此外,如果您预先平滑图像(现在我们有一个完整的 Sobel 过滤器...),您将获得更好的渐变。
我有 numpy.array 个模拟数据集,但我缺少边缘点 (x=0.1),我如何 interpolate/extrapolate z 中的数据到边缘?我有:
x = [ 0. 0.00667 0.02692 0.05385 0.08077]
y = [ 0. 10. 20. 30. 40. 50.]
# 0. 0.00667 0.02692 0.05385 0.08077
z = [[ 25. 25. 25. 25. 25. ] # 0.
[ 25.301 25.368 25.617 26.089 26.787] # 10.
[ 25.955 26.094 26.601 27.531 28.861] # 20.
[ 26.915 27.126 27.887 29.241 31.113] # 30.
[ 28.106 28.386 29.378 31.097 33.402] # 40.
[ 29.443 29.784 30.973 32.982 35.603]] # 50.
我想在 z 中添加一个对应于 x = 0.1 的新列,这样我的新 x 将是
x_new = [ 0. 0.00667 0.02692 0.05385 0.08077 0.1]

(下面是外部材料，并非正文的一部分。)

lemma phi_taylor_remainder_le:
  assumes "\<sigma> > 0"
  shows "\<bar>phi \<sigma> (t + h) - phi \<sigma> t - h * phi' \<sigma> t\<bar> \<le> 3 * phi \<sigma> 0 / \<sigma>\<^sup>2 * h\<^sup>2"
proof -
  \<comment> \<open>\<open>D m\<close> is the \<open>m\<close>-th derivative of \<open>\<lambda>u. phi \<sigma> (u + t)\<close>\<close>
  define D where "D = (\<lambda>m u. ([phi \<sigma>, phi' \<sigma>, phi'' \<sigma>] ! m) (u + t))"
  have "DERIV (D m) u :> D (Suc m) u" if "m < 2" for m u
    using that has_real_derivative_phi[OF assms] has_real_derivative_phi'[OF assms]
    by (auto simp: D_def less_2_cases_iff DERIV_shift[symmetric])
  then obtain \<xi> where "phi \<sigma> (h + t) = (\<Sum>m<2. D m 0 / fact m * h ^ m) + D 2 \<xi> / fact 2 * h\<^sup>2"
    using Maclaurin_bi_le[of D "D 0" 2 h] by (auto simp: D_def)
  then have "phi \<sigma> (t + h) - phi \<sigma> t - h * phi' \<sigma> t = phi'' \<sigma> (\<xi> + t) / 2 * h\<^sup>2"
    by (simp add: D_def numeral_2_eq_2 add.commute)
  also have "\<bar>\<dots>\<bar> \<le> \<bar>phi'' \<sigma> (\<xi> + t)\<bar> * h\<^sup>2"
    by (simp add: abs_mult)
  also have "\<dots> \<le> 3 * phi \<sigma> 0 / \<sigma>\<^sup>2 * h\<^sup>2"
    using abs_phi''_le[OF assms] by (intro mult_right_mono) auto
  finally show ?thesis .
qed

lemma has_real_derivative_of_quadratic_remainder:
  fixes f :: "real \<Rightarrow> real"
  assumes "\<And>z. \<bar>f z - f y - (z - y) * D\<bar> \<le> K * (z - y)\<^sup>2"
  shows "(f has_real_derivative D) (at y)"
proof -
  have "\<forall>\<^sub>F z in at y. norm ((f z - f y) / (z - y) - D) \<le> K * \<bar>z - y\<bar>"
  proof (rule eventually_mono[OF eventually_neq_at_within[of y y UNIV]])
    fix z assume "z \<noteq> y"
    then have "(f z - f y) / (z - y) - D = (f z - f y - (z - y) * D) / (z - y)"
      by (simp add: field_simps)
    then have "norm ((f z - f y) / (z - y) - D) = \<bar>f z - f y - (z - y) * D\<bar> / \<bar>z - y\<bar>"
      by (simp add: abs_divide)
    also have "\<dots> \<le> K * (\<bar>z - y\<bar> * \<bar>z - y\<bar>) / \<bar>z - y\<bar>"
      using assms[of z] by (intro divide_right_mono) (auto simp: power2_eq_square)
    also have "\<dots> = K * \<bar>z - y\<bar>"
      using \<open>z \<noteq> y\<close> by (simp add: field_simps del: abs_mult_self_eq)
    finally show "norm ((f z - f y) / (z - y) - D) \<le> K * \<bar>z - y\<bar>" .
  qed
  moreover have "((\<lambda>z. K * \<bar>z - y\<bar>) \<longlongrightarrow> 0) (at y)"
    by (intro tendsto_eq_intros) auto
  ultimately have "((\<lambda>z. (f z - f y) / (z - y) - D) \<longlongrightarrow> 0) (at y)"
    by (rule Lim_null_comparison)
  then show ?thesis
    by (subst has_field_derivative_iff) (rule LIM_zero_cancel)
qed

lemma abs_le_1_plus_sq: "\<bar>m :: real\<bar> \<le> 1 + m\<^sup>2"
  using zero_le_power2[of "\<bar>m\<bar> - 1"] by (simp add: power2_eq_square algebra_simps)

definition gauss_moment :: "(real \<Rightarrow> real) \<Rightarrow> real \<Rightarrow> nat \<Rightarrow> real \<Rightarrow> real" where
  "gauss_moment G \<sigma> p y = (\<integral>m. m ^ p * phi \<sigma> (y - m) * G m \<partial>lborel)"

lemma mixf_eq_gauss_moment: "mixf g \<sigma> k = gauss_moment (g k) \<sigma> 0"
  by (simp add: fun_eq_iff mixf_def gauss_moment_def)

lemma cond_mean_eq_gauss_moment:
  "cond_mean g \<sigma> k y = gauss_moment (g k) \<sigma> 1 y / gauss_moment (g k) \<sigma> 0 y"
  by (simp add: cond_mean_def mixf_eq_gauss_moment gauss_moment_def)

definition sq_risk :: "(real \<Rightarrow> real) \<Rightarrow> real \<Rightarrow> real \<Rightarrow> real \<Rightarrow> real" where
  "sq_risk G \<sigma> y d = (\<integral>m. (m - d)\<^sup>2 * phi \<sigma> (y - m) * G m \<partial>lborel)"

locale gauss_mixture =
  fixes G :: "real \<Rightarrow> real" and \<sigma> :: real
  assumes measurable_G [measurable]: "G \<in> borel_measurable borel"
    and G_nonneg: "\<And>m. G m \<ge> 0"
    and nn_integral_G: "(\<integral>\<^sup>+ m. ennreal (G m) \<partial>lborel) = 1"
    and sigma_pos: "\<sigma> > 0"
begin

lemma integrable_G: "integrable lborel G"
  by (rule integrableI_nn_integral_finite[where x=1]) (auto simp: G_nonneg nn_integral_G)

lemma integral_G: "(\<integral>m. G m \<partial>lborel) = 1"
  by (subst integral_eq_nn_integral) (auto simp: G_nonneg nn_integral_G)

lemma integrable_quadratic_growth:
  assumes [measurable]: "h \<in> borel_measurable borel" and h_le: "\<And>m. \<bar>h m\<bar> \<le> K * (1 + m\<^sup>2)"
  shows "integrable lborel (\<lambda>m. h m * phi \<sigma> (y - m) * G m)"
proof (rule Bochner_Integration.integrable_bound)
  let ?C = "K * ((1 + 2 * y\<^sup>2 + 4 * \<sigma>\<^sup>2) * phi \<sigma> 0)"
  show "integrable lborel (\<lambda>m. ?C * G m)"
    using integrable_G by simp
  show "(\<lambda>m. h m * phi \<sigma> (y - m) * G m) \<in> borel_measurable lborel"
    unfolding phi_def by measurable
  have "K \<ge> 0"
    using h_le[of 0] by simp
  show "AE m in lborel. norm (h m * phi \<sigma> (y - m) * G m) \<le> norm (?C * G m)"
  proof (rule AE_I2)
    fix m
    have "norm (h m * phi \<sigma> (y - m) * G m) = \<bar>h m\<bar> * phi \<sigma> (y - m) * G m"
      using phi_nonneg[of \<sigma>] G_nonneg by (simp add: abs_mult)
    also have "\<dots> \<le> K * (1 + m\<^sup>2) * phi \<sigma> (y - m) * G m"
      using h_le[of m] phi_nonneg[of \<sigma>] G_nonneg[of m] by (intro mult_right_mono) auto
    also have "\<dots> = K * ((1 + m\<^sup>2) * phi \<sigma> (y - m)) * G m"
      by (simp add: mult.assoc)
    also have "\<dots> \<le> ?C * G m"
      using quadratic_mult_phi_le[OF sigma_pos, of m y] \<open>K \<ge> 0\<close> G_nonneg[of m]
      by (intro mult_right_mono mult_left_mono) auto
    finally show "norm (h m * phi \<sigma> (y - m) * G m) \<le> norm (?C * G m)"
      by simp
  qed
qed

lemma has_bochner_integral_gauss_moment:
  assumes "p \<le> 2"
  shows "has_bochner_integral lborel (\<lambda>m. m ^ p * phi \<sigma> (y - m) * G m) (gauss_moment G \<sigma> p y)"
  unfolding gauss_moment_def
proof (intro has_bochner_integral_integrable integrable_quadratic_growth[where K=1])
  fix m :: real
  from assms consider "p = 0" | "p = 1" | "p = 2"
    by linarith
  then show "\<bar>m ^ p\<bar> \<le> 1 * (1 + m\<^sup>2)"
    by cases (auto simp: abs_le_1_plus_sq)
qed simp

lemma measurable_gauss_moment [measurable]: "gauss_moment G \<sigma> p \<in> borel_measurable borel"
  unfolding gauss_moment_def[abs_def] phi_def
  by (rule lborel.borel_measurable_lebesgue_integral) measurable
lemma lin_indep_over_enumD:
  assumes indep: "lin_indep_over F B" and e: "bij_betw e {..<n} B"
    and d: "\<forall>i<n. d i \<in> F" and sum: "(\<Sum>i<n. d i * e i) = 0" and "i < n"
  shows "d i = 0"
proof -
  define c where "c b = d (the_inv_into {..<n} e b)" for b
  have inj: "inj_on e {..<n}" using e by (rule bij_betw_imp_inj_on)
  have "(\<Sum>b\<in>B. c b * b) = (\<Sum>i<n. c (e i) * e i)"
    using sum.reindex_bij_betw[OF e, of "\<lambda>b. c b * b"] by simp
  also have "\<dots> = 0"
    using sum by (simp add: c_def the_inv_into_f_f[OF inj])
  finally have sum_B: "(\<Sum>b\<in>B. c b * b) = 0" .
  have "\<forall>b\<in>B. c b \<in> F"
  proof
    fix b assume "b \<in> B"
    then have "the_inv_into {..<n} e b \<in> {..<n}"
      using the_inv_into_into[OF inj] bij_betw_imp_surj_on[OF e] by blast
    then show "c b \<in> F" using d by (simp add: c_def)
  qed
  then have "\<forall>b\<in>B. c b = 0"
    using indep sum_B unfolding lin_indep_over_def by blast
  then show "d i = 0"
    using \<open>i < n\<close> bij_betw_apply[OF e] the_inv_into_f_f[OF inj, of i] by (metis c_def lessThan_iff)
qed

lemma additive_on_of_int:
  fixes g :: "'a::ring_1 \<Rightarrow> 'b::ring_1"
  assumes closed: "\<And>x y. x \<in> G \<Longrightarrow> y \<in> G \<Longrightarrow> x - y \<in> G"
    and add: "\<And>x y. x \<in> G \<Longrightarrow> y \<in> G \<Longrightarrow> g (x + y) = g x + g y"
    and "y \<in> G"
  shows "of_int k * y \<in> G" and "g (of_int k * y) = of_int k * g y"
proof -
  have "0 \<in> G" using closed[OF \<open>y \<in> G\<close> \<open>y \<in> G\<close>] by simp
  have neg: "- x \<in> G" if "x \<in> G" for x
    using closed[OF \<open>0 \<in> G\<close> that] by simp
  have "g 0 = 0" using add[OF \<open>0 \<in> G\<close> \<open>0 \<in> G\<close>] by simp
  have g_neg: "g (- x) = - g x" if "x \<in> G" for x
    using add[OF that neg[OF that]] \<open>g 0 = 0\<close> by (simp add: eq_neg_iff_add_eq_0 add.commute)
  have nat: "of_nat m * y \<in> G \<and> g (of_nat m * y) = of_nat m * g y" for m
  proof (induction m)
    case 0
    show ?case using \<open>0 \<in> G\<close> \<open>g 0 = 0\<close> by simp
  next
    case (Suc m)
    have "of_nat (Suc m) * y = of_nat m * y + y" by (simp add: algebra_simps)
    moreover have "of_nat m * y + y \<in> G" using closed[OF _ neg] Suc \<open>y \<in> G\<close> by fastforce
    ultimately show ?case using Suc add[OF _ \<open>y \<in> G\<close>, of "of_nat m * y"] by (simp add: algebra_simps)
  qed
  show "of_int k * y \<in> G" and "g (of_int k * y) = of_int k * g y"
    using nat nat[THEN conjunct1, THEN neg] g_neg by (cases k rule: int_cases2; simp)+
qed
(* Let $F\in\mathcal C^0(\mathbb C^m)$ have polynomial growth, let $p\ge2$, and let $a_2(u),\dots,a_p(u)$ be the polynomials in $(u,\bar u)$ described in the context (in particular each satisfies $a_j(0)=0$, $da_j(0)=0$). Then, for $k$ large, both sides below are well defined and finite, and $$\int_{\mathbb C^m}G\Big(e^{-|u|^2}\Big[1+\sum_{j=2}^pa_j(u)k^{-j/2}\Big]\Big)F(u)\,\nu_u=\frac1{4\pi^2}\sum_{n=1}^\infty\frac1{n^2}\int_{\mathbb C^m}e^{-n|u|^2}\Big[1+\sum_{j=2}^pb_{pj}(u,n)k^{-j/2}\Big]F(u)\,\nu_u+O(k^{-p/2-1/4}),$$ where $b_{pj}(u,n)=B_{pj}(a_2(u),\dots,a_p(u);n)$.
   Context: $G(t)=\frac1{4\pi^2}\sum_{n\ge1}t^n/n^2$ for $-1\le t\le1$; $\nu_u$ is Euclidean volume on $\mathbb C^m$; $F$ has polynomial growth if $|F(u)|=O(1+|u|^r)$ for some $r$. For $j\ge2$ let $\mathcal P(j)=\{(r_2,\dots,r_p)\in\mathbb N^{p-1}:\sum_{\lambda=2}^p\lambda r_\lambda=j\}$; for $\mathbf r=(r_2,\dots,r_p)$ with $|\mathbf r|=r_2+\cdots+r_p$ and $n\in\mathbb Z_+$, ${n\choose\mathbf r}=\frac{n(n-1)\cdots(n-|\mathbf r|+1)}{r_2!\cdots r_p!}$; and $B_{pj}(C_2,\dots,C_p;n)=\sum_{\mathbf r\in\mathcal P(j)}{n\choose\mathbf r}\prod_{\lambda=2}^pC_\lambda^{r_\lambda}$, so that $(1+\sum_{j=2}^pC_jx^j)^n=1+\sum_{j=2}^{np}B_{pj}x^j$. Setting: $(L,h)\to M$ is a positive Hermitian holomorphic line bundle on a compact complex $m$-manifold, $\omega=\frac i2\Theta_h$, $H^0(M,L^k)$ has inner product $\int h^k(s_1,\bar s_2)\omega^m/m!$, $P_k(z,w)=|\Pi_k(z,w)|/(\Pi_k(z,z)\Pi_k(w,w))^{1/2}$ with $|\Pi_k(z,w)|=\|\sum_jS^k_j(z)\otimes\overline{S^k_j(w)}\|_{h^k\otimes h^k}$ for an orthonormal basis $\{S^k_j\}$. At $z_0\in M$ the frame $e_L$ and coordinates are chosen so that $\phi=-\log h(e_L,\overline{e_L})$ satisfies $\phi(z_0+z)=|z|^2+\frac14\sum\frac{\partial^4\phi}{\partial z^p\partial z^j\partial\bar z^q\partial\bar z^l}(z_0)z^pz^j\bar z^q\bar z^l+O(|z|^5)$; then $P_k(z_0+\frac u{\sqrt k},z_0)^2=e^{-|u|^2}[1+\sum_{r=2}^nk^{-r/2}a_r(u)+k^{-(n+1)/2}\widetilde E_{kn}(u)]$ with $a_2(u)=\frac14R_{z_0}(u,\bar u,u,\bar u)$ (the curvature tensor evaluated as $\sum R_{p\bar qj\bar l}(z_0)u^p\bar u^qu^j\bar u^l$), $a_r$ polynomials of degree $\le5r$ and parity $r$ with $a_r(0)=0$, $da_r(0)=0$, and $|\widetilde E_{kn}(u)|\le c|u|^2k^{\varepsilon}$ for $|u|<b\sqrt{\log k}$. These $a_r$ are the polynomials in the claim. *)

theory Defs
  imports "HOL-Analysis.Analysis"
begin

text \<open>G(t) = 1/(4 pi^2) * sum_{n>=1} t^n / n^2  (meaningful for -1 <= t <= 1).\<close>
definition Gfun :: "real \<Rightarrow> real" where
  "Gfun t = (1 / (4 * pi\<^sup>2)) * (\<Sum>n. t ^ Suc n / (real (Suc n))\<^sup>2)"

text \<open>Real polynomial of total degree at most d in the real coordinates
  (Re u_i, Im u_i) of u in C^m, i.e. a polynomial in (u, conj u) with real values.\<close>
definition poly_fun_deg :: "nat \<Rightarrow> (complex^'m \<Rightarrow> real) \<Rightarrow> bool" where
  "poly_fun_deg d f \<longleftrightarrow>
     (\<exists>c :: ('m \<Rightarrow> nat \<times> nat) \<Rightarrow> real. \<forall>u.
        f u = (\<Sum>\<alpha>\<in>{\<alpha>. (\<Sum>i\<in>UNIV. fst (\<alpha> i) + snd (\<alpha> i)) \<le> d}.
                 c \<alpha> * (\<Prod>i\<in>UNIV. Re (u $ i) ^ fst (\<alpha> i) * Im (u $ i) ^ snd (\<alpha> i))))"

text \<open>P(j) = {(r_2,...,r_p) : sum_{l=2}^p l r_l = j}, encoded as functions nat => nat
  supported in {2..p}.\<close>
definition Pset :: "nat \<Rightarrow> nat \<Rightarrow> (nat \<Rightarrow> nat) set" where
  "Pset p j = {r. (\<forall>l. l \<notin> {2..p} \<longrightarrow> r l = 0) \<and> (\<Sum>l\<in>{2..p}. l * r l) = j}"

# 0. 0.00667 0.02692 0.05385 0.08077 0.01
z = [[ 25. 25. 25. 25. 25. ? ] # 0.
[ 25.301 25.368 25.617 26.089 26.787 ? ] # 10.
[ 25.955 26.094 26.601 27.531 28.861 ? ] # 20.
[ 26.915 27.126 27.887 29.241 31.113 ? ] # 30.
[ 28.106 28.386 29.378 31.097 33.402 ? ] # 40.
[ 29.443 29.784 30.973 32.982 35.603 ? ]] # 50.
哪里都是'?'替换为 interpolated/extrapolated 数据。 感谢您的帮助!
您看过 scipy.interpolate2d.interp2d(使用样条曲线)吗?
from scipy.interpolate import interp2d
fspline = interp2d(x,y,z) # maybe need to switch x and y around
znew = fspline([0.1], y)
z = np.c_[[z, znew] # to join arrays
编辑:
我和@dnalow设想的方法是这样的:
import numpy as np
import matplotlib.pyplot as plt
# make some test data
def func(x, y):
return np.sin(np.pi*x) + np.sin(np.pi*y)
xx, yy = np.mgrid[0:2:20j, 0:2:20j]
zz = func(xx[:], yy[:]).reshape(xx.shape)
fig, (ax1, ax2, ax3, ax4) = plt.subplots(1,4, figsize=(13, 3))
ax1.imshow(zz, interpolation='nearest')
ax1.set_title('Original')
# remove last column
zz[:,-1] = np.nan
ax2.imshow(zz, interpolation='nearest')
ax2.set_title('Missing data')
# compute missing column using simplest imaginable model: first order Taylor
gxx, gyy = np.gradient(zz[:, :-1])
zz[:, -1] = zz[:, -2] + gxx[:, -1] + gyy[:,-1]
ax3.imshow(zz, interpolation='nearest')
ax3.set_title('1st order Taylor approx')
# add curvature to estimate
ggxx, _ = np.gradient(gxx)
_, ggyy = np.gradient(gyy)
zz[:, -1] = zz[:, -2] + gxx[:, -1] + gyy[:,-1] + ggxx[:,-1] + ggyy[:, -1]
ax4.imshow(zz, interpolation='nearest')
ax4.set_title('2nd order Taylor approx')
fig.tight_layout()
fig.savefig('extrapolate_2d.png')
plt.show()
您可以通过
改进估算
(a) 添加高阶导数(又名泰勒展开),或
(b) 计算更多方向的梯度,而不仅仅是 x 和 y(然后相应地对梯度进行加权)。
此外,如果您预先平滑图像(现在我们有一个完整的 Sobel 过滤器...),您将获得更好的渐变。